* _PROBLEM TO SOLVE_: Return the lines of the data below in which the string "intro" occurs.

* _DATA PROVIDED_:

lemma mean_gram_psd:
  assumes "pd_kernel k"
  shows "0 \<le> (\<Sum>i\<in>{1, 2, 3}. \<Sum>j\<in>{1, 2, 3}. u i * u j * mean_gram k i j)"
proof -
  define c where "c p = u (pop p) / real (card (Dp (pop p)))" for p
  have "0 \<le> (\<Sum>p\<in>D. \<Sum>q\<in>D. c p * c q * k (X p) (X q))"
    using assms finite_data by (rule pd_kernel_double_sum_nonneg)
  also have "\<dots> = (\<Sum>i\<in>{1, 2, 3}. \<Sum>p\<in>Dp i. \<Sum>j\<in>{1, 2, 3}. \<Sum>q\<in>Dp j. c p * c q * k (X p) (X q))"
    by (simp only: sum_over_popsets)
  also have "\<dots> = (\<Sum>i\<in>{1, 2, 3}. \<Sum>j\<in>{1, 2, 3}. \<Sum>p\<in>Dp i. \<Sum>q\<in>Dp j. c p * c q * k (X p) (X q))"
    by (rule sum.cong[OF refl], rule sum.swap)
  also have "\<dots> = (\<Sum>i\<in>{1, 2, 3}. \<Sum>j\<in>{1, 2, 3}. u i * u j * mean_gram k i j)"
  proof (intro sum.cong refl)
    fix i j :: nat assume ij: "i \<in> {1, 2, 3}" "j \<in> {1, 2, 3}"
    have "(\<Sum>p\<in>Dp i. \<Sum>q\<in>Dp j. c p * c q * k (X p) (X q))
      = u i / real (card (Dp i)) * (u j / real (card (Dp j))) * (\<Sum>p\<in>Dp i. \<Sum>q\<in>Dp j. k (X p) (X q))"
      unfolding c_def sum_distrib_left by (intro sum.cong refl) (simp_all add: mem_popset_iff)
    then show "(\<Sum>p\<in>Dp i. \<Sum>q\<in>Dp j. c p * c q * k (X p) (X q)) = u i * u j * mean_gram k i j"
      unfolding mean_gram_eq_sum[OF ij] by simp
  qed
  finally show ?thesis .
qed

lemma double_integral_oracle_mix:
  assumes S: "S \<subseteq> D" "S \<noteq> {}" and T: "T \<subseteq> D" "T \<noteq> {}"
  shows "(\<integral>x. (\<integral>y. k x y \<partial>mix T) \<partial>mix S)
    = (\<Sum>i\<in>{1, 2, 3}. \<Sum>j\<in>{1, 2, 3}. real (pop_count S i) * real (pop_count T j) * mean_gram k i j)
      / (real (card S) * real (card T))"
proof -
  have "finite S" "finite T" using S T finite_data finite_subset by auto
  have popsets: "finite (Dp (pop ob)) \<and> Dp (pop ob) \<noteq> {}" if "ob \<in> D" for ob
    using that finite_popset popset_nonempty pop_range by blast
  have inner: "(\<integral>y. k x y \<partial>mix T) = (\<Sum>ob'\<in>T. \<integral>y. k x y \<partial>emp (pop ob')) / real (card T)" for x
    by (rule integral_oracle_mix[OF \<open>finite T\<close> T(2)]) (use popsets T(1) in auto)
  have outer: "(\<integral>x. h x \<partial>mix S) = (\<Sum>ob\<in>S. \<integral>x. h x \<partial>emp (pop ob)) / real (card S)" for h
    by (rule integral_oracle_mix[OF \<open>finite S\<close> S(2)]) (use popsets S(1) in auto)
  have swap: "(\<integral>x. (\<Sum>ob'\<in>T. \<integral>y. k x y \<partial>emp (pop ob')) / real (card T) \<partial>emp (pop ob))
    = (\<Sum>ob'\<in>T. mean_gram k (pop ob) (pop ob')) / real (card T)" if "ob \<in> S" for ob
  proof -
    have "finite (set_pmf (emp_pmf X (Dp (pop ob))))"
      using popsets \<open>ob \<in> S\<close> S(1) by (auto simp: set_pmf_emp_pmf)
    then show ?thesis
      unfolding mean_gram_def integral_divide_zero
      by (simp add: Bochner_Integration.integral_sum integrable_measure_pmf_finite)
  qed
  have "(\<integral>x. (\<integral>y. k x y \<partial>mix T) \<partial>mix S)
    = (\<Sum>ob\<in>S. (\<Sum>ob'\<in>T. mean_gram k (pop ob) (pop ob')) / real (card T)) / real (card S)"
    unfolding inner outer by (rule arg_cong2[where f = "(/)"], rule sum.cong[OF refl], erule swap, rule refl)
  also have "\<dots> = (\<Sum>ob\<in>S. \<Sum>ob'\<in>T. mean_gram k (pop ob) (pop ob')) / (real (card S) * real (card T))"
    by (simp add: sum_divide_distrib mult.commute)
  also have "(\<Sum>ob\<in>S. \<Sum>ob'\<in>T. mean_gram k (pop ob) (pop ob'))
    = (\<Sum>ob\<in>S. \<Sum>j\<in>{1, 2, 3}. real (pop_count T j) * mean_gram k (pop ob) j)"
    by (intro sum.cong refl sum_by_pop_count[OF T(1)])
  also have "\<dots> = (\<Sum>i\<in>{1, 2, 3}. real (pop_count S i) * (\<Sum>j\<in>{1, 2, 3}. real (pop_count T j) * mean_gram k i j))"
    by (rule sum_by_pop_count[OF S(1)])
  also have "\<dots> = (\<Sum>i\<in>{1, 2, 3}. \<Sum>j\<in>{1, 2, 3}. real (pop_count S i) * real (pop_count T j) * mean_gram k i j)"
    by (simp only: sum_distrib_left mult.assoc)
  finally show ?thesis .
qed

lemma pop_count_subset_popset:
  assumes "S \<subseteq> Dp i"
  shows "pop_count S j = (if j = i then card S else 0)"
proof -
  have "S \<subseteq> D" using assms popset_subset by blast
  have "S \<inter> Dp j = (if j = i then S else {})" using assms by (auto simp: mem_popset_iff)
  then show ?thesis using pop_count_eq_card_Int[OF \<open>S \<subseteq> D\<close>, of j] by simp
qed

lemma pop_counts_between_popsets:
  assumes "Dp 1 \<subseteq> S" "S \<subseteq> Dp 1 \<union> Dp 2"
  shows "pop_count S 1 = card (Dp 1)" "pop_count S 2 = card S - card (Dp 1)" "pop_count S 3 = 0"
proof -
  have "S \<subseteq> D" using assms popset_subset by blast
  show "pop_count S 1 = card (Dp 1)" by (rule pop_count_popset[OF \<open>S \<subseteq> D\<close> assms(1)])
  show "pop_count S 3 = 0" by (rule pop_count_eq_0) (use assms(2) in \<open>auto simp: popset_def\<close>)
  then show "pop_count S 2 = card S - card (Dp 1)"
    using pop_count_sum[OF \<open>S \<subseteq> D\<close>] \<open>pop_count S 1 = card (Dp 1)\<close> by simp
qed

lemma pop_counts_supset_popsets:
  assumes "Dp 1 \<union> Dp 2 \<subseteq> S" "S \<subseteq> D"
  shows "pop_count S 1 = card (Dp 1)" "pop_count S 2 = card (Dp 2)"
    "pop_count S 3 = card S - card (Dp 1) - card (Dp 2)"
proof -
  show "pop_count S 1 = card (Dp 1)" "pop_count S 2 = card (Dp 2)"
    using pop_count_popset[OF assms(2)] assms(1) by auto
  then show "pop_count S 3 = card S - card (Dp 1) - card (Dp 2)"
    using pop_count_sum[OF assms(2)] by simp
qed

lemma exists_unused_in_popset:
  assumes "S \<subseteq> D" "pop_count S i < card (Dp i)"
  obtains y where "y \<in> Dp i" "y \<notin> S"
  using pop_count_popset[OF assms(1)] assms(2) by (metis less_irrefl subsetI)

end

lemma C1_of_0: "C1_of c 0 = {}"
  unfolding C1_of_def by simp

lemma C1_of_Suc: "C1_of c (Suc r) = insert (c (Suc r)) (C1_of c r)"
  unfolding C1_of_def by (simp add: atLeastAtMostSuc_conv)

lemma C1_of_mono: "r \<le> r' \<Longrightarrow> C1_of c r \<subseteq> C1_of c r'"
  unfolding C1_of_def by auto

lemma C1_of_last: "1 \<le> r \<Longrightarrow> c r \<in> C1_of c r"
  unfolding C1_of_def by auto

locale oracle_three_populations = three_populations D pop X
  for D :: "'o set" and pop :: "'o \<Rightarrow> nat" and X :: "'o \<Rightarrow> 'a::metric_space" +
  fixes k :: "'a \<Rightarrow> 'a \<Rightarrow> real"
  assumes characteristic: "characteristic_kernel k"
    and emp_pmf_distinct:
      "\<And>i j. i \<in> {1, 2, 3} \<Longrightarrow> j \<in> {1, 2, 3} \<Longrightarrow> i \<noteq> j \<Longrightarrow> emp_pmf X (Dp i) \<noteq> emp_pmf X (Dp j)"
begin

abbreviation "split_value C \<equiv> dw_star k pop X D C (D - C)"

lemma mean_gram_swap:
  "mean_gram k 2 1 = mean_gram k 1 2" "mean_gram k 3 1 = mean_gram k 1 3" "mean_gram k 3 2 = mean_gram k 2 3"
  using mean_gram_sym[of k] characteristic unfolding characteristic_kernel_def pd_kernel_def by auto

lemma mean_gram_double_sum:
  "(\<Sum>i\<in>{1, 2, 3}. \<Sum>j\<in>{1, 2, 3}. u i * v j * mean_gram k i j)
    = u 1 * v 1 * mean_gram k 1 1 + u 2 * v 2 * mean_gram k 2 2 + u 3 * v 3 * mean_gram k 3 3
      + (u 1 * v 2 + u 2 * v 1) * mean_gram k 1 2 + (u 1 * v 3 + u 3 * v 1) * mean_gram k 1 3
      + (u 2 * v 3 + u 3 * v 2) * mean_gram k 2 3"
  using mean_gram_swap by (simp add: algebra_simps)

lemma mmd2_emp: "mmd2 k (emp i) (emp j) = mean_gram k i i + mean_gram k j j - 2 * mean_gram k i j"
  unfolding mmd2_def mean_gram_def ..

lemma mmd2_emp_pos:
  assumes ij: "i \<in> {1, 2, 3}" "j \<in> {1, 2, 3}" "i \<noteq> j"
  shows "0 < mmd2 k (emp i) (emp j)"
proof -
  have "finite (set_pmf (emp_pmf X (Dp l)))" if "l \<in> {1, 2, 3}" for l
    using that finite_popset popset_nonempty by (simp add: set_pmf_emp_pmf)
  then have "mmd2 k (emp i) (emp j) \<noteq> 0"
    using characteristic_kernel_pmf_eq[OF characteristic] emp_pmf_distinct ij by blast
  moreover have "0 \<le> mmd2 k (emp i) (emp j)"
  proof -
    define u where "u l = (if l = i then 1 else if l = j then -1 else 0 :: real)" for l :: nat
    have "0 \<le> (\<Sum>a\<in>{1, 2, 3}. \<Sum>b\<in>{1, 2, 3}. u a * u b * mean_gram k a b)"
      using characteristic unfolding characteristic_kernel_def by (blast intro: mean_gram_psd)
    also have "\<dots> = mmd2 k (emp i) (emp j)"
      unfolding mean_gram_double_sum mmd2_emp using ij mean_gram_swap
      by (auto simp: u_def algebra_simps)
    finally show ?thesis .
  qed
  ultimately show ?thesis by linarith
qed

sublocale G: three_population_gram "real (card (Dp 1))" "real (card (Dp 2))" "real (card (Dp 3))"
  "mean_gram k 1 1" "mean_gram k 1 2" "mean_gram k 1 3" "mean_gram k 2 2" "mean_gram k 2 3" "mean_gram k 3 3"
proof
  show "1 \<le> real (card (Dp 1))" "1 \<le> real (card (Dp 2))" "1 \<le> real (card (Dp 3))"
    using card_popset_pos by auto
  show "0 \<le> u1 * u1 * mean_gram k 1 1 + u2 * u2 * mean_gram k 2 2 + u3 * u3 * mean_gram k 3 3
    + 2 * u1 * u2 * mean_gram k 1 2 + 2 * u1 * u3 * mean_gram k 1 3 + 2 * u2 * u3 * mean_gram k 2 3"
    for u1 u2 u3
    using mean_gram_psd[of k "\<lambda>i. if i = 1 then u1 else if i = 2 then u2 else u3"] characteristic
    unfolding mean_gram_double_sum characteristic_kernel_def by (simp add: algebra_simps)
  show "0 < mean_gram k 1 1 + mean_gram k 2 2 - 2 * mean_gram k 1 2"
    "0 < mean_gram k 1 1 + mean_gram k 3 3 - 2 * mean_gram k 1 3"
    "0 < mean_gram k 2 2 + mean_gram k 3 3 - 2 * mean_gram k 2 3"
    using mmd2_emp_pos[of 1 2] mmd2_emp_pos[of 1 3] mmd2_emp_pos[of 2 3] unfolding mmd2_emp by simp_all
qed

lemma mmd2_emp_eq_d:
  "mmd2 k (emp 1) (emp 2) = G.d12" "mmd2 k (emp 1) (emp 3) = G.d13" "mmd2 k (emp 2) (emp 3) = G.d23"
  unfolding G.d12_def G.d13_def G.d23_def mmd2_emp by simp_all

lemma ntot_eq_card: "G.ntot = real (card D)"
  unfolding G.ntot_def card_data by simp

lemma double_integral_oracle_mix_eq_gram_form:
  assumes "S \<subseteq> D" "S \<noteq> {}" "T \<subseteq> D" "T \<noteq> {}"
  shows "(\<integral>x. (\<integral>y. k x y \<partial>mix T) \<partial>mix S)
    = G.gram_form (pop_count S 1) (pop_count S 2) (pop_count S 3) (pop_count T 1) (pop_count T 2) (pop_count T 3)
      / (real (card S) * real (card T))"
  unfolding double_integral_oracle_mix[OF assms] mean_gram_double_sum G.gram_form_def ..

* _TASK SOLUTION_:
  proof (intro sum.cong refl)
      unfolding c_def sum_distrib_left by (intro sum.cong refl) (simp_all add: mem_popset_iff)
    by (intro sum.cong refl sum_by_pop_count[OF T(1)])
      using characteristic unfolding characteristic_kernel_def by (blast intro: mean_gram_psd)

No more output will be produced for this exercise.